Zizek distinguishes three moments in the narrative of an ideology. 1. Doctrine - ideological doctrine concerns the ideas and theories of an ideology, i.e. liberalism partly developed from the ideas of John Locke. 2. Belief - ideological belief designates the material or external manifestations and apparatuses of its doctrine, i.e. liberalism is materialized in an independent press, democratic elections and the free market. 3. Ritual - ideological ritual refers to the internalization of a doctrine, the way it is experienced as spontaneous, i.e in liberalism subjects naturally think of themselves as free individuals.
These three aspects of ideology form a kind of narrative. In the first stage of ideological doctrine we find ideology in its "pure" state. Here ideology takes the form of a supposedly truthful proposition or set of arguments which, in reality, conceal a vested interest. Locke's arguments about government served the interest of the revolutionary Americans rather than the colonizing British. In a second step, a successful ideology takes on the material form which generates belief in that ideology, most potently in the guise of Althusser's State Apparatuses. Third, ideology assumes an almost spontaneous existence, becoming instinctive rather than realized either as an explicit set of arguments or as an institution. the supreme example of such spontaneity is, for Zizek, the notion of commodity fetishism.
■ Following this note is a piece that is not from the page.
(* Consider the online multiple testing protocol described in the context, in a stationary environment in which the true states $Y_1,Y_2,\dots$ are i.i.d. $\mathrm{Bernoulli}(1-\pi)$ for a constant $\pi\in(0,1)$ (so $\mathbb{P}(Y_t=0)=\pi$). Let $\beta\in(0,1]$ and $\lambda_\beta:=G^{-1}(\beta)>0$. Suppose the algorithm maintains minimum detection power $\beta$, i.e. $G(\lambda_t)\ge\beta$, equivalently $\lambda_t\ge\lambda_\beta$, almost surely for all $t$. Then for every $T\ge1$ and all $a,b>0$, $$\mathbb{E}[\mathrm{Regret}_T(a,b)]\ \ge\ a\,\pi\,\lambda_\beta\,T=\Omega(T),$$ and moreover $$\liminf_{T\to\infty}\frac1T\,\mathrm{Regret}_T(a,b)\ \ge\ a\,\pi\,\lambda_\beta\quad\text{almost surely.}$$
   Context: Online multiple testing protocol: at each round $t=1,2,\dots$ the environment has a true state $Y_t\in\{0,1\}$ ($0$ = null, $1$ = alternative) and reveals a $p$-value $p_t\in[0,1]$; conditionally on the states and on the past, $p_t\sim\mathrm{Uniform}[0,1]$ if $Y_t=0$ and $p_t\sim G$ if $Y_t=1$, independently of past $p$-values and decisions. Here $G:[0,1]\to[0,1]$ is a continuous, strictly increasing CDF with $G(0)=0$, $G(1)=1$. With $\mathcal{F}_{t-1}=\sigma((p_s,\lambda_s,\delta_s):s\le t-1)$, the algorithm chooses an $\mathcal{F}_{t-1}$-measurable threshold $\lambda_t\in[0,1]$ and decides $\delta_t=\mathbf{1}\{p_t\le\lambda_t\}$ (reject iff $\delta_t=1$). Define false positives $V_T=\sum_{t=1}^T\mathbf{1}\{Y_t=0,\delta_t=1\}$, false negatives $M_T=\sum_{t=1}^T\mathbf{1}\{Y_t=1,\delta_t=0\}$, and for weights $a,b>0$ the Weighted Regret $\mathrm{Regret}_T(a,b)=a V_T+b M_T$. *)

theory Defs
  imports "HOL-Probability.Probability"
begin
In each of these three moments - a doctrine, its materialization in the form of belief and its manifestation as spontaneous ritual - as soon as we think we have assumed a position of truth from which to denounce the lie of an ideology, we find ourselves back in ideology again. This is so because our understanding of ideology is based on a binary structure, which contrasts reality with ideology. To solve this problem, Zizek suggests that we analyze ideology using a ternary structure. So, how can we distinguish reality from ideology? From what position, for example, is Zizek able to denounce the New Age reading of the universe as ideological mystification? It is not from the position in reality because reality is constituted by the Symbolic and the Symbolic is where fiction assumes the guise of truth. The only non-ideological position available is in the Real - the Real of the antagonism. Now, that is not a position we can actually occupy; it is rather "the extraideological point of reference that authorizes us to denounce the content of our immediate experience as 'ideological.'" (Mapping Ideology) The antagonism of the Real is a constant that has to be assumed given the xistence of social reality (the Symbolic Order). As this antagonism is part of the Real, it is not subject to ideological mystification; rather its effect is visible in ideological mystification. Here, ideology takes the form of the spectral supplement to reality, concealing the gap opened up by the failure of reality (the Symbolic) to account fully for the Real. While this model of the structure of reality does not allow us a position from which to assume an objective viewpoint, it does presuppose the existence of ideology and thus authorizes the validity of its critique. The distinction between reality and ideology exists as a theoretical given. Zizek does not claim that he can offer any access to the "objective truth of things" but that ideology must be assumed to exist if we grant that reality is structured upon a constitutive antagonism. And if ideology exists we must ne able to subject it to critique. This is the aim of Zizek's theory of ideology, namely an attempt to keep the project of ideological critique alive at all in an era in which we are said to have left ideology behind.